Show that the straight-line through the points $x$ and $y$ in $\Bbb Q^2$ is given by the set How can I proof this statement? I have no clue what to do first. $x = (x_1, x_2), y = (y_1, y_2)$ in $\Bbb Q^2$ with $x \neq y$. Show that the straight-line through the points $x$ and $y$ in $\Bbb Q^2$ is given by the set: $$\left\lbrace(z_1,z_2)\in \Bbb Q^2,\det\left(\matrix{1& x_1&x_2\\1& y_1&y_2\\1& z_1&z_2\\}\right)=0\right\rbrace$$
PS: Could someone explain me how MathJax works. It does not seem to work for me.
 A: Hint: 
Observe that a line $(AB)$ is the set of all affine combinations (or barycentres) of the two points, for all possible weight systems. 

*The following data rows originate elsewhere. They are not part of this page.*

lemma val_ring_one: "1 \<in> val_ring \<nu>"
  using valuation_one by (simp add: val_ring_def)

lemma val_ring_mult: "a \<in> val_ring \<nu> \<Longrightarrow> b \<in> val_ring \<nu> \<Longrightarrow> a * b \<in> val_ring \<nu>"
  unfolding val_ring_def using valuation_mult[of a b] by (cases "\<nu> a"; cases "\<nu> b") auto

lemma val_ring_add: "a \<in> val_ring \<nu> \<Longrightarrow> b \<in> val_ring \<nu> \<Longrightarrow> a + b \<in> val_ring \<nu>"
  unfolding val_ring_def using valuation_add[of a b] le_inf_trans by blast

lemma val_ring_uminus: "a \<in> val_ring \<nu> \<Longrightarrow> - a \<in> val_ring \<nu>"
  using val_ring_mult[of "-1" a] valuation_minus_one by (simp add: val_ring_def)

lemma val_ring_diff: "a \<in> val_ring \<nu> \<Longrightarrow> b \<in> val_ring \<nu> \<Longrightarrow> a - b \<in> val_ring \<nu>"
  using val_ring_add[of a "- b"] val_ring_uminus by simp

lemma val_ring_sum: "(\<And>i. i \<in> A \<Longrightarrow> f i \<in> val_ring \<nu>) \<Longrightarrow> sum f A \<in> val_ring \<nu>"
  by (induction A rule: infinite_finite_induct) (auto intro: val_ring_add val_ring_zero)

text \<open>No hypothesis \<open>a \<noteq> 0\<close> is needed: for \<open>a = 0\<close> the quotient is the junk value \<open>0\<close>.\<close>
lemma val_ring_divide:
  assumes "le_inf (\<nu> a) (\<nu> b)"
  shows "b / a \<in> val_ring \<nu>"
proof (cases "a = 0 \<or> b = 0")
  case True
  then show ?thesis
    using val_ring_zero by auto
next
  case False
  then obtain p q r where p: "\<nu> a = Some p" and q: "\<nu> b = Some q" and r: "\<nu> (b / a) = Some r"
    using valuation_eq_None_iff by (metis divide_eq_0_iff not_Some_eq)
  have "\<nu> b = plus_inf (\<nu> a) (\<nu> (b / a))"
    using False valuation_mult[of a "b / a"] by simp
  then have "q = p + r"
    using p q r by simp
  then show ?thesis
    using assms p q r by (simp add: val_ring_def)
qed

inductive_set val_span :: "('k^'n) set \<Rightarrow> ('k^'n) set" for X where
  zero: "0 \<in> val_span X"
| gen: "x \<in> X \<Longrightarrow> x \<in> val_span X"
| add: "x \<in> val_span X \<Longrightarrow> y \<in> val_span X \<Longrightarrow> x + y \<in> val_span X"
| smult: "a \<in> val_ring \<nu> \<Longrightarrow> x \<in> val_span X \<Longrightarrow> a *s x \<in> val_span X"

lemma val_span_diff:
  assumes "x \<in> val_span X" and "y \<in> val_span X"
  shows "x - y \<in> val_span X"
proof -
  have "x + (-1) *s y \<in> val_span X"
    using assms val_ring_uminus[OF val_ring_one] by (auto intro: val_span.add val_span.smult)
  moreover have "x + (-1) *s y = x - y"
    by (simp add: vec_eq_iff)
  ultimately show ?thesis
    by simp
qed

lemma val_span_sum: "(\<And>i. i \<in> A \<Longrightarrow> f i \<in> val_span X) \<Longrightarrow> sum f A \<in> val_span X"
  by (induction A rule: infinite_finite_induct) (auto intro: val_span.add val_span.zero)

lemma val_span_subset: "X \<subseteq> val_span Y \<Longrightarrow> val_span X \<subseteq> val_span Y"
proof
  fix z assume "z \<in> val_span X" and "X \<subseteq> val_span Y"
  then show "z \<in> val_span Y"
    by (induction rule: val_span.induct) (auto intro: val_span.intros)
qed

lemma val_span_mono: "X \<subseteq> Y \<Longrightarrow> val_span X \<subseteq> val_span Y"
  by (rule val_span_subset) (auto intro: val_span.gen)

lemma val_span_eq_of_generating_subset:
  assumes "X \<subseteq> Y" and "Y \<subseteq> val_span X"
  shows "val_span Y = val_span X"
  using assms val_span_mono val_span_subset by blast

lemma val_span_insert_zero: "val_span (insert 0 X) = val_span X"
  by (intro val_span_eq_of_generating_subset) (auto intro: val_span.zero val_span.gen)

On the other hand, show that $\det\left(\matrix{1& x_1&x_2\\1& y_1&y_2\\1& z_1&z_2\\}\right)$ is $0$ if and only if the last row is a linear combination of the first two rows.
Finally, show that a linear combination as above gives you exactly $(z_1,z_2)$ as an affine combination of $(x_1,x_2)$ and $(y_1,y_2)$.
A: You want $$ (x_1,x_2),( y_1,y_2), ( z_1,z_2) $$ to be co-linear.
That is the vectors $V=( y_1-x_1, y_2-x_2)$ and $W=( z_1-x_1, z_2-x_2)$  to be linearly dependent.
That is $$V\times W  =\det\left(\matrix{i& j&k\\y_1-x_1& y_2-x_2&   0 \\ z_1-x_1 &   z_2-x_2 &0\\}\right)=(0,0,0)$$
Note that 
$ V\times W = 0 $ iff 
$$\det\left(\matrix{1& x_1&x_2\\1& y_1&y_2\\1& z_1&z_2\\}\right)=0$$
A: $\begin{vmatrix} 1 & x_1&x_2\\1& y_1&y_2\\1& z_1&z_2\\ \end{vmatrix} $ is the (signed) area of the triangle with vertices $(x_1, x_2), (y_1, y_2), (z_1, z_2)$ (see here).
Therefore, this determinant is zero iff the points are collinear.